To confirm the above conjecture regarding the effects of $σ_{0}$ on $b$ and $σ$ , we conducted simulations using the mean for the PL group at a 128-Hz modulation frequency (the right column of Figure 5), but replaced the SD value with that for the NH or HI group for 128 Hz, or a hypothetical value of 8.00. Figure 6 shows the results. As can be seen, the graphs for the simulations in which the SD values for the NH (left) or HI (middle column) group were used show very similar patterns to those obtained for the NH and HI groups (Figure 5), except for the vertical positions of the curves, which reflect the differences in the $μ_{0}$ values used for the simulations. In the right column of graphs, where a very large value of $σ_{0}$ (8.00) was used for the simulations, consistent, but extreme patterns are observed. In the top graph, $b$ converges to and nearly reaches 0 rapidly for all values of $T$ as the trial progresses. In the middle graph, $σ$ is much larger and changes more greatly with the number of trials (notice that the scale of the vertical axis has been widened) compared with the patterns obtained with the $σ_{0}$ for the NH (left) or HI (middle column) group. In the bottom graph, $s$ is smaller and approaches 0 more rapidly than when the SD for the NH or HI group was used. As mentioned earlier, $s$ is a composite measure of $b$ and $σ$ , and $s$ largely reflects $b$ , which is larger in absolute value than $σ$ .

4.2.2. Effects of $β$

We ran simulations by manipulating the $β$ values from 0.05 to 0.40, which encompassed the values obtained from the empirical psychometric functions in our study (Table 2). To illustrate the effects of $β$ in our simulations, Figure 7 shows the three performance measures, $b$ , $σ$ , and $s$ as a function of $β$ , with the other parameter values set at those for the PL group for 128 Hz (the right column of Figure 5). The value of $b$ (top left column of Figure 7) did not change much with $β$ for each value of $T$ in trial 1. In trial 10, $b$ converged toward 0 as $β$ increased, and by trial 20 they had come close to 0, especially for larger values of $β$ . The $σ$ values (top right column) varied with the value of the true threshold, $T$ , and greater variation was seen with larger $β$ values, except for $β$ = 0.40, at which the variability of $σ$ became somewhat small by trial 20. The $s$ value (bottom column) decreased as the number of trials increased from 1 to 10 to 20, and it was smaller for larger values of $β$ . It should be noted that, although all of these three measures changed with the $β$ value, these changes were less than 2 dB for a given $T$ value when $β$ ranges from 0.10 to 2.0 (the values obtained from the empirical psychometric functions) (Table 2). When we excluded the extreme $T$ values of −30 and −1, the changes with $β$ from 0.10 to 2.0 were within 1 dB. Similar tendencies were observed for the NH and HI groups and for other modulation frequencies.

FIGURE 7

Figure 7. Simulation results obtained with the parameters employed in the PL group at a modulation frequency of 128 Hz, except that the $β$ value was changed from 0.05 to 0.04. The $ε$ value was set at the ideal sweat factor corresponding to the chosen $β$ value. The arrows indicate the results obtained with the same parameter values, including $β$ = 0.18, used for the simulation shown in the left column of Figure 5.

5. Discussion

In this study, we sought to find suitable parameters to use when measuring AM detection thresholds with ZEST. We did this by analyzing the thresholds and the psychometric functions of AM detection. The threshold distributions were quantified using Gaussian distributions while the psychometric functions were fitted using Weibull distributions. These functions (and their fitted parameter values) then served as the initial conditions from which the efficacy of ZEST was explored. In our simulations, we found that the means and SD values of the thresholds for the PL group for the initial pdf resulted in better ZEST performance than those for the NH or HI group and that higher $β$ values yielded better simulation performance, but the size of this improvement was relatively small when the $β$ values ranged from 0.1 to 2.0.

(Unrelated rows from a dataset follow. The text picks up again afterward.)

section \<open>Lusin's separation theorem\<close>

definition borel_separated :: "real set \<Rightarrow> real set \<Rightarrow> bool" where
  "borel_separated P Q \<longleftrightarrow> (\<exists>C\<in>sets borel. P \<subseteq> C \<and> C \<inter> Q = {})"

lemma borel_separated_empty: "borel_separated {} Q" "borel_separated P {}"
  unfolding borel_separated_def by (rule bexI[of _ "{}"], simp, simp) (rule bexI[of _ UNIV], simp, simp)

lemma borel_separated_UN:
  fixes P Q :: "nat \<Rightarrow> real set"
  assumes "\<And>i j. borel_separated (P i) (Q j)"
  shows "borel_separated (\<Union>i. P i) (\<Union>j. Q j)"
proof -
  from assms obtain C where C: "\<And>i j. C i j \<in> sets borel \<and> P i \<subseteq> C i j \<and> C i j \<inter> Q j = {}"
    unfolding borel_separated_def by metis
  have "(\<Union>i. \<Inter>j. C i j) \<in> sets borel" using C by blast
  moreover have "(\<Union>i. P i) \<subseteq> (\<Union>i. \<Inter>j. C i j)" using C by blast
  moreover have "(\<Union>i. \<Inter>j. C i j) \<inter> (\<Union>j. Q j) = {}" using C by blast
  ultimately show ?thesis unfolding borel_separated_def by blast
qed

lemma not_borel_separated_branch:
  fixes P Q :: "nat list \<Rightarrow> real set"
  assumes P: "\<And>s. P s = (\<Union>n. P (s @ [n]))" and Q: "\<And>t. Q t = (\<Union>n. Q (t @ [n]))"
    and root: "\<not> borel_separated (P []) (Q [])"
  obtains a b where "\<And>k. \<not> borel_separated (P (map a [0..<k])) (Q (map b [0..<k]))"
proof -
  define R where "R k st \<longleftrightarrow> length (fst st) = k \<and> length (snd st) = k \<and>
      \<not> borel_separated (P (fst st)) (Q (snd st))" for k and st :: "nat list \<times> nat list"
  have "\<exists>f. \<forall>k. R k (f k) \<and> (\<exists>i j. f (Suc k) = (fst (f k) @ [i], snd (f k) @ [j]))"
  proof (rule dependent_nat_choice[where P = R and Q = "\<lambda>k st st'. \<exists>i j. st' = (fst st @ [i], snd st @ [j])"])
    show "\<exists>st. R 0 st" using root by (intro exI[of _ "([], [])"]) (simp add: R_def)
    fix st k assume "R k st"
    then have "\<not> borel_separated (\<Union>i. P (fst st @ [i])) (\<Union>j. Q (snd st @ [j]))"
      using P[of "fst st"] Q[of "snd st"] by (simp add: R_def)
    then obtain i j where "\<not> borel_separated (P (fst st @ [i])) (Q (snd st @ [j]))"
      using borel_separated_UN[of "\<lambda>i. P (fst st @ [i])" "\<lambda>j. Q (snd st @ [j])"] by blast
    with \<open>R k st\<close> show "\<exists>st'. R (Suc k) st' \<and> (\<exists>i j. st' = (fst st @ [i], snd st @ [j]))"
      by (intro exI[of _ "(fst st @ [i], snd st @ [j])"]) (auto simp: R_def)
  qed
  then obtain f where f: "\<And>k. R k (f k)" "\<And>k. \<exists>i j. f (Suc k) = (fst (f k) @ [i], snd (f k) @ [j])"
    by blast
  define a where "a k = fst (f (Suc k)) ! k" for k
  define b where "b k = snd (f (Suc k)) ! k" for k
  have prefix: "fst (f k) = map a [0..<k] \<and> snd (f k) = map b [0..<k]" for k
  proof (induction k)
    case 0
    then show ?case using f(1)[of 0] by (simp add: R_def)
  next
    case (Suc k)
    obtain i j where "f (Suc k) = (fst (f k) @ [i], snd (f k) @ [j])" using f(2) by blast
    with Suc f(1)[of k] show ?case by (simp add: a_def b_def R_def nth_append)
  qed
  show thesis
  proof (rule that)
    fix k show "\<not> borel_separated (P (map a [0..<k])) (Q (map b [0..<k]))"
      using f(1)[of k] prefix[of k] by (simp add: R_def)
  qed
qed

lemma baire_closed_prefix_limit:
  assumes "baire_closed F" "\<And>k. F \<inter> cylinder (map a [0..<k]) \<noteq> {}"
  shows "a \<in> F"
proof -
  have "\<exists>b\<in>F. agree k a b" for k
    using assms(2)[of k] by (auto simp: mem_cylinder_prefix)
  then show ?thesis using assms(1) unfolding baire_closed_def by blast
qed

lemma image_cylinder_prefix_shrinks:
  assumes "baire_real_continuous_on F h" "a \<in> F" "e > 0"
  shows "\<exists>k. \<forall>j\<ge>k. h ` (F \<inter> cylinder (map a [0..<j])) \<subseteq> ball (h a) e"
proof -
  obtain k where k: "\<forall>b\<in>F. agree k a b \<longrightarrow> dist (h b) (h a) < e"
    using assms unfolding baire_real_continuous_on_def by blast
  have "h b \<in> ball (h a) e" if "j \<ge> k" "b \<in> F" "agree j a b" for j b
  proof -
    have "dist (h b) (h a) < e" using k that(2) agree_mono[OF that(3) that(1)] by blast
    then show ?thesis by (simp add: dist_commute)
  qed
  then show ?thesis by (intro exI[of _ k]) (auto simp: mem_cylinder_prefix)
qed

lemma borel_separated_balls:
  assumes "P \<subseteq> ball x e" "Q \<subseteq> ball y e" "2 * e \<le> dist x y"
  shows "borel_separated P Q"
proof -
  have "ball x e \<inter> ball y e = {}"
  proof (rule equals0I)
    fix z assume "z \<in> ball x e \<inter> ball y e"
    then have "dist x y < 2 * e"
      using dist_triangle3[of x y z] by (simp add: dist_commute)
    with assms(3) show False by simp
  qed
  with assms(1,2) show ?thesis
    unfolding borel_separated_def by (intro bexI[of _ "ball x e"] conjI) auto
qed

theorem souslin_real_borel_separated:
  assumes "souslin_real A" "souslin_real B" "A \<inter> B = {}"
  shows "borel_separated A B"
proof (rule ccontr)
  assume not_sep: "\<not> borel_separated A B"
  from assms(1) obtain F h where F: "baire_closed F" "baire_real_continuous_on F h" "A = h ` F"
    unfolding souslin_real_def by blast
  from assms(2) obtain F' h' where F': "baire_closed F'" "baire_real_continuous_on F' h'" "B = h' ` F'"
    unfolding souslin_real_def by blast
  define P where "P s = h ` (F \<inter> cylinder s)" for s
  define Q where "Q t = h' ` (F' \<inter> cylinder t)" for t
  have "P s = (\<Union>n. P (s @ [n]))" "Q t = (\<Union>n. Q (t @ [n]))" for s t
    unfolding P_def Q_def by (subst cylinder_snoc, blast)+
  moreover have "\<not> borel_separated (P []) (Q [])"
    using not_sep F(3) F'(3) by (simp add: P_def Q_def cylinder_Nil)
  ultimately obtain a b where branch: "\<And>k. \<not> borel_separated (P (map a [0..<k])) (Q (map b [0..<k]))"
    by (rule not_borel_separated_branch) blast
  have "F \<inter> cylinder (map a [0..<k]) \<noteq> {}" "F' \<inter> cylinder (map b [0..<k]) \<noteq> {}" for k
    using branch[of k] borel_separated_empty by (auto simp: P_def Q_def)
  then have a: "a \<in> F" and b: "b \<in> F'"
    using F(1) F'(1) by (auto intro: baire_closed_prefix_limit)
  define e where "e = dist (h a) (h' b) / 2"
  have "h a \<in> A" "h' b \<in> B" using a b F(3) F'(3) by simp_all
  with assms(3) have "e > 0" by (auto simp: e_def)
  obtain k1 where k1: "\<forall>j\<ge>k1. P (map a [0..<j]) \<subseteq> ball (h a) e"
    using image_cylinder_prefix_shrinks[OF F(2) a \<open>e > 0\<close>] unfolding P_def by (elim exE)
  obtain k2 where k2: "\<forall>j\<ge>k2. Q (map b [0..<j]) \<subseteq> ball (h' b) e"
    using image_cylinder_prefix_shrinks[OF F'(2) b \<open>e > 0\<close>] unfolding Q_def by (elim exE)
  define j where "j = max k1 k2"
  have "P (map a [0..<j]) \<subseteq> ball (h a) e" "Q (map b [0..<j]) \<subseteq> ball (h' b) e"
    using k1 k2 by (simp_all add: j_def)
  then have "borel_separated (P (map a [0..<j])) (Q (map b [0..<j]))"
    by (rule borel_separated_balls) (simp add: e_def)
  with branch show False by simp
qed

section \<open>Borel maps with Borel graph between analytic spaces\<close>

lemma souslin_real_empty: "souslin_real {}"
  using souslin_real_image[OF souslin_baire_empty, of "\<lambda>_. 0"]
  by (simp add: baire_real_continuous_on_def)

definition analytic_embedding :: "'a measure \<Rightarrow> ('a \<Rightarrow> real) \<Rightarrow> (real \<Rightarrow> 'a) \<Rightarrow> bool" where
  "analytic_embedding M f g \<longleftrightarrow>
     f \<in> M \<rightarrow>\<^sub>M borel \<and> inj_on f (space M) \<and> analytic_real_set (f ` space M) \<and>
     g \<in> restrict_space borel (f ` space M) \<rightarrow>\<^sub>M M \<and> (\<forall>x\<in>space M. g (f x) = x)"

lemma analytic_borel_space_embedding:
  "analytic_borel_space M \<longleftrightarrow> (\<exists>f g. analytic_embedding M f g)"
  unfolding analytic_borel_space_def analytic_embedding_def by blast

lemma analytic_borel_space_singleton:
  assumes "analytic_borel_space M" "x \<in> space M"
  shows "{x} \<in> sets M"
proof -
  obtain f g where f: "analytic_embedding M f g"
    using assms(1) analytic_borel_space_embedding by blast
  then have "{x} = f -` {f x} \<inter> space M"
    using assms(2) by (auto simp: analytic_embedding_def inj_on_def)
  also have "\<dots> \<in> sets M"
    using f by (intro measurable_sets[of f M borel]) (auto simp: analytic_embedding_def)
  finally show ?thesis .
qed

lemma analytic_embedding_parametrization:
  assumes emb: "analytic_embedding M f g" and ne: "space M \<noteq> {}"
  obtains h where "baire_real_continuous_on UNIV h" "range h = f ` space M"
    "(\<lambda>a. g (h a)) \<in> baire_measure \<rightarrow>\<^sub>M M" "\<And>a. f (g (h a)) = h a"
proof -
  obtain h :: "(nat \<Rightarrow> nat) \<Rightarrow> real" where h: "continuous_on UNIV h" "range h = f ` space M"
    using emb ne unfolding analytic_embedding_def analytic_real_set_def by blast
  have cont: "baire_real_continuous_on UNIV h"
    using h(1) by (rule continuous_on_imp_baire_real_continuous)
  have "h \<in> baire_measure \<rightarrow>\<^sub>M restrict_space borel (f ` space M)"
    using baire_real_continuous_measurable[OF cont] h(2) by (intro measurable_restrict_space2) auto
  then have "(\<lambda>a. g (h a)) \<in> baire_measure \<rightarrow>\<^sub>M M"
    using emb unfolding analytic_embedding_def by (auto intro: measurable_comp[unfolded comp_def])
  moreover have "f (g (h a)) = h a" for a
  proof -
    obtain x where "x \<in> space M" "h a = f x" using h(2) by (metis rangeI imageE)
    then show ?thesis using emb by (simp add: analytic_embedding_def)
  qed
  ultimately show thesis by (intro that[OF cont h(2)])
qed

lemma analytic_pair_parametrization:
  assumes embX: "analytic_embedding X fX gX" and Y: "analytic_borel_space Y"
    and ne: "space X \<noteq> {}" "space Y \<noteq> {}"
  obtains \<rho> where "\<rho> \<in> baire_measure \<rightarrow>\<^sub>M X \<Otimes>\<^sub>M Y" "space X \<times> space Y \<subseteq> range \<rho>"
    "baire_real_continuous_on UNIV (\<lambda>a. fX (fst (\<rho> a)))"
proof -
  obtain fY gY where embY: "analytic_embedding Y fY gY"
    using Y analytic_borel_space_embedding by blast
  obtain hX where hX: "baire_real_continuous_on UNIV hX" "range hX = fX ` space X"
    "(\<lambda>a. gX (hX a)) \<in> baire_measure \<rightarrow>\<^sub>M X" "\<And>a. fX (gX (hX a)) = hX a"
    using analytic_embedding_parametrization[OF embX ne(1)] by metis
  obtain hY where hY: "range hY = fY ` space Y" "(\<lambda>a. gY (hY a)) \<in> baire_measure \<rightarrow>\<^sub>M Y"
    using analytic_embedding_parametrization[OF embY ne(2)] by metis
  \<comment> \<open>components \<open>0\<close> and \<open>1\<close> of a point of the Baire space parametrize \<open>X\<close> and \<open>Y\<close>\<close>
  define \<rho> where "\<rho> a = (gX (hX (seq_component a 0)), gY (hY (seq_component a 1)))" for a
  have "\<rho> \<in> baire_measure \<rightarrow>\<^sub>M X \<Otimes>\<^sub>M Y"
    unfolding \<rho>_def using hX(3) hY(2)
    by (intro measurable_Pair measurable_compose[OF baire_continuous_measurable[OF baire_continuous_seq_component]])
  moreover have "space X \<times> space Y \<subseteq> range \<rho>"
  proof (clarify)
    fix x y assume x: "x \<in> space X" and y: "y \<in> space Y"
    then have "fX x \<in> range hX" "fY y \<in> range hY" using hX(2) hY(1) by simp_all
    then obtain a b where a: "hX a = fX x" and b: "hY b = fY y" by (metis rangeE)
    have "\<rho> (seq_join (\<lambda>n. if n = 0 then a else b)) = (x, y)"
      using embX embY x y by (simp add: \<rho>_def a b analytic_embedding_def)
    then show "(x, y) \<in> range \<rho>" by (metis rangeI)
  qed
  moreover have "(\<lambda>a. fX (fst (\<rho> a))) = hX \<circ> (\<lambda>a. seq_component a 0)"
    using hX(4) by (simp add: \<rho>_def comp_def)
  then have "baire_real_continuous_on UNIV (\<lambda>a. fX (fst (\<rho> a)))"
    using baire_real_continuous_on_comp[OF baire_continuous_seq_component hX(1)] by simp
  ultimately show thesis by (rule that)
qed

These results can be used to set the parameter values of ZEST for real threshold measurements. The following values are appropriate: For the initial pdf (Equation 4), $μ_{0}$ and $σ_{0}$ should be set at the mean and SD values of the thresholds for the PL group (Table 1) for each modulation frequency. For the psychometric function (Equation 1), $γ$ = 0.33; $δ$ = 0.02; $β$ should be some value between 0.1 and 0.2 (Table 2), preferably a relatively high value like 0.17, which corresponds to the average of the values reported in Table 2; and $ε$ should be set at the ideal sweat factor corresponding to the chosen value of $β$ . Currently, we are collecting AM detection thresholds using ZEST with the suggested parameter values, together with measurements of gap detection thresholds. The results obtained so far from a total of over 70 participants (NH or HI) are promising, in that the threshold estimates reached an asymptote after 10 to 20 trials, which takes less than 2 min.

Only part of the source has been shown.